Он видел, как она тянулась к нему. Вначале она сидела в углу на своем постоянном месте в кругу баб, а к концу подошла к столу и уставилась Кириллу в лицо… И Кирилл, рассказывая коммунарам, что будет на «Брусках» через два-три года, знал: глядя на него, Стешка любуется им так же, как он любовался ею, когда она от лодки шла в гору.
– Он у меня, Кирюша-то, – ответила Анчурке Кудеяровой Улька, – ночи не спит, все печется о всех: похудел, измаялся весь.
Кириллу хотя и приятна была эта похвала, но он все-таки посмотрел на Стешку, говоря ей взглядом: «Вот-де с какой дурой живу.

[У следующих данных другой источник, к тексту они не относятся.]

definition mat_adjoint :: "('a \<Rightarrow> 'a \<Rightarrow> complex) \<Rightarrow> 'a \<Rightarrow> 'a \<Rightarrow> complex" where
  "mat_adjoint F = (\<lambda>y z. cnj (F z y))"

definition id_mat :: "'a \<Rightarrow> 'a \<Rightarrow> complex" where
  "id_mat = (\<lambda>y z. if y = z then 1 else 0)"

definition cspan :: "'b set \<Rightarrow> ('b \<Rightarrow> 'a \<Rightarrow> complex) \<Rightarrow> ('a \<Rightarrow> complex) set" where
  "cspan I f = {\<lambda>y. \<Sum>k\<in>I. c k * f k y | c. True}"

lemma mvmult_mmult: "mvmult (mmult F G) v = mvmult F (mvmult G v)"
proof (rule ext)
  fix y
  have "mvmult (mmult F G) v y = (\<Sum>z\<in>UNIV. \<Sum>w\<in>UNIV. F y w * G w z * v z)"
    unfolding mvmult_def mmult_def by (simp add: sum_distrib_right)
  also have "\<dots> = (\<Sum>w\<in>UNIV. \<Sum>z\<in>UNIV. F y w * G w z * v z)" by (rule sum.swap)
  also have "\<dots> = mvmult F (mvmult G v) y"
    unfolding mvmult_def by (simp add: sum_distrib_left mult.assoc)
  finally show "mvmult (mmult F G) v y = mvmult F (mvmult G v) y" .
qed

lemma mvmult_id_mat [simp]: "mvmult id_mat u = u"
  unfolding mvmult_def id_mat_def by (simp add: of_bool_def[symmetric])

lemma mvmult_add_right: "mvmult F (\<lambda>y. u y + v y) = (\<lambda>y. mvmult F u y + mvmult F v y)"
  unfolding mvmult_def by (auto simp: distrib_left sum.distrib)

lemma mvmult_scale_right: "mvmult F (\<lambda>y. c * u y) = (\<lambda>y. c * mvmult F u y)"
  unfolding mvmult_def by (auto simp: sum_distrib_left mult_ac)

lemma mvmult_zero_right [simp]: "mvmult F (\<lambda>_. 0) = (\<lambda>_. 0)"
  unfolding mvmult_def by auto

lemma mvmult_sum_right: "mvmult F (\<lambda>y. \<Sum>k\<in>I. f k y) = (\<lambda>y. \<Sum>k\<in>I. mvmult F (f k) y)"
  unfolding mvmult_def by (auto simp: sum_distrib_left intro: sum.swap)
lemma lin_closed_Sat: "lin_closed (Sat m)"
proof (rule lin_closedI)
  show "(\<lambda>_. 0) \<in> Sat m"
    by (rule SatI[of _ 1 "\<lambda>_. 0" _ "\<lambda>_. 0"])
      (simp_all add: lin_closed_zero lin_closed_Ann lin_closed_supp_below fin_supp_def supp_below_def)
next
  fix u v c
  assume u: "u \<in> Sat m" and v: "v \<in> Sat m"
  obtain k1 w1 \<nu>1 where 1: "k1 > 0" "w1 \<in> supp_below m" "\<nu>1 \<in> Ann" "\<And>j. k1 * u j = w1 j + \<nu>1 j"
    using u by (auto elim: SatE)
  obtain k2 w2 \<nu>2 where 2: "k2 > 0" "w2 \<in> supp_below m" "\<nu>2 \<in> Ann" "\<And>j. k2 * v j = w2 j + \<nu>2 j"
    using v by (auto elim: SatE)
  show "(\<lambda>j. u j + c * v j) \<in> Sat m"
  proof (rule SatI)
    show "fin_supp (\<lambda>j. u j + c * v j)"
      using Sat_fin_supp[OF u] Sat_fin_supp[OF v] lin_closed_add_smult[OF lin_closed_fin_supp] by simp
    show "(\<lambda>j. k2 * w1 j + (c * k1) * w2 j) \<in> supp_below m"
      using 1(2) 2(2) by (rule lin_closed_comb[OF lin_closed_supp_below])
    show "(\<lambda>j. k2 * \<nu>1 j + (c * k1) * \<nu>2 j) \<in> Ann"
      using 1(3) 2(3) by (rule lin_closed_comb[OF lin_closed_Ann])
    show "k1 * k2 > 0"
      using 1(1) 2(1) by simp
    fix j
    have "(k1 * k2) * (u j + c * v j) = k2 * (k1 * u j) + (c * k1) * (k2 * v j)"
      by (simp add: algebra_simps)
    also have "\<dots> = (k2 * w1 j + (c * k1) * w2 j) + (k2 * \<nu>1 j + (c * k1) * \<nu>2 j)"
      unfolding 1(4) 2(4) by (simp add: algebra_simps)
    finally show "(k1 * k2) * (u j + c * v j) = (k2 * w1 j + (c * k1) * w2 j) + (k2 * \<nu>1 j + (c * k1) * \<nu>2 j)" .
  qed
qed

Ну, ничего, с тобой-то заживем по-другому: ты-то уж не будешь дрыхнуть, когда у меня все разрывается».
Стешка поняла его. Когда все разбрелись и в конторе остался только Богданов, она подошла к Кириллу и, вся сияющая, глубоко вздохнула:
– Ну?
Он (странно это было) не захотел, чтобы о его чувстве к ней знал Богданов, насупился и ответил так же сухо, как и всегда:
– Что «ну»? «Все идет хорошо», – передай Степану Харитонычу.
Она ушла из конторы. Ушла обиженная, согнутая, прибитая.
Кирилл всю ночь провалялся в постели, не закрывая глаз. Он ругал себя за малодушие, за боязнь и под конец решил, что как только займется день, – он пойдет к ней, расскажет, почему так грубо обошелся с ней. Утром он старательно вымыл лицо, уши, надел даже новую рубашку, хотел прицепить значок члена ЦИКа, но засмеялся, решив, что со значком да в новой рубашке он совсем становится похожим на деревенского жениха.
– Ты к обедне, что ль, наряжаешься? – пошутила Улька, обнимая его. – Куда это ты, красавчик?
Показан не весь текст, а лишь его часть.